Any conversation about Battle Hymn of the Tiger Mother is SO 2 weeks ago, but I can't help but think of what she would say about my bailing on the final 2 magnet school visits next week.
I bet she would punch me in the face or at least lock me in my room to do math.
Actually I found her interview on Fresh Air to be so much more telling about her parenting choices minus all the controversy that followed. Her kids, her deal. My kids, my deal.
I don't need to read her book to know that she most likely would be that parent who was demanding why their child had to wait until the district policy of Grade 3 for AG testing. The one that I rolled my eyes at last week while I paraded around in rooms of little chairs watching the dog and pony show in all its regalia.
Wait, I think I am that parent.
As I have detailed ad nauseaum about the quest for a preschool to fit our family on this blog. Overhead in the past 4 years was that I seem to have a snobby attitude and expect the unrealistic. I didn't take any offense at the characterization, because it's in large part true. But, I will counter that I think Bill and I made valid justifications for the transfers.
The bottom line is that had I never worked in the magnet school side of our local school system, I likely wouldn't have ever considered this route for my own kids. I used to joke that there was no chance I would ever pack my kid on a hour long bus ride at dawn just so they had the chance to take The History of Feudal Japan (a real elective at my old school when I was there.)
In the past 3 weeks I have visited 6 schools, 2 more on the calendar for next week. I'm basically at the same decision I was at the start. Most likely going to apply for the ONE school I could see Ben fitting in and throw hope to the wind.
Most likely we won't get in. What the leader all the tours DIDN't share with the masses of wandering, amazed parents was the real formula for getting in is not a straight lottery. Rather, unless you fall into a few set categories of minority group, overcrowded base school, unpopular year round option, or your Free and Reduced lunch status your chances of getting in are about 10%.

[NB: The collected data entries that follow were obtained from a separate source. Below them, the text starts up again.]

lemma tens2_eq_cop_morphism [rule_format]:
  "\<forall>x. tens2_eq H (map (\<lambda>(a,b). (\<alpha> a, \<alpha> b)) (cop H' x)) (cop H (\<alpha> x))"
  using hopf_morphism unfolding hopf_morphism_def by (elim conjE)

lemma lin_fun_compose_morphism: "lin_fun H f \<Longrightarrow> lin_fun H' (f \<circ> \<alpha>)"
  unfolding lin_fun_def by (rule Vector_Spaces.linear_compose[OF \<alpha>.linear_axioms])

lemma proj_morphism: "proj H n (\<alpha> x) = \<alpha> (proj H' n x)"
proof (rule H.proj_eqI[where F="{m. proj H' m x \<noteq> 0}"])
  show "\<alpha> x = (\<Sum>m\<in>{m. proj H' m x \<noteq> 0}. \<alpha> (proj H' m x))"
    by (simp add: \<alpha>.sum[symmetric] H'.sum_proj H'.finite_proj_nonzero)
qed (auto simp: grd_morphism H'.proj_grd H'.finite_proj_nonzero)

lemma tens2_eval_cop_morphism:
  "lin_fun H f \<Longrightarrow> lin_fun H g \<Longrightarrow>
     tens2_eval f g (cop H (\<alpha> x)) = tens2_eval (f \<circ> \<alpha>) (g \<circ> \<alpha>) (cop H' x)"
  using tens2_eq_cop_morphism[of x] unfolding tens2_eq_iff_eval tens2_eval_map by metis

lemma dual_map_conv:
  "lin_fun H f \<Longrightarrow> lin_fun H g \<Longrightarrow>
     dual_map \<alpha> (conv H f g) = conv H' (dual_map \<alpha> f) (dual_map \<alpha> g)"
  unfolding dual_map_def by (rule ext) (simp add: conv_eq_tens2_eval tens2_eval_cop_morphism)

I'm ok with this. I think Ben will thrive at any school and the schools in this district are good across the board. Ben does all the normal, age appropriate things he should. As much as I would like for him to test AG for the guaranteed college bound/honors track and extra opportunities of being a "good" kid that teachers like. I also taught many, many past students that weren't classified AG and also not future serial killers.
Bill and I are still very split on this issue and even after asking him to go with me to tour the final school he still doesn't totally get it. I agree with him that not being about to tour our base school gives up a comparison to magnet. But herein is the divide between us.
I've seen/worked both sides of tradition vs magnet. I can wholeheartedly tell you that the opportunities and options are just not there for most base schools. You will get a great education indeed and some of the schools in parts of the district have consistent top notch scores, teachers, and curriculum. But what you won't get is curriculum that takes the standard course of study way beyond your idea of what happens everyday at school.
Part of me that has the reservation of the great what if? What if I didn't at least try to open up this option for Ben. Is it worth the drive, the extra time for after school activities, what is his brother has no interest, do we force him to also go or play the 2 school game, what about the possibility of him never going to school with kids in our neighborhood.
Amy Chua would see it as a parenting failure to settle to be at our base. I definitely know that type of parent, taught kids with those parents, and swore I would never be one of those parents.
All I have ever wanted for Ben and later Ian, are opportunities. Yes to recognizing trade offs and yes to making the best of whatever school you are in knowing that full on that your kid in the long run is going to be fine.
If Amy wants to get all Tyler Durden on me, I will gladly take her on for calling her kids garbage. That would be the biggest parenting failure in my book, much more than settling on a kindergarten class.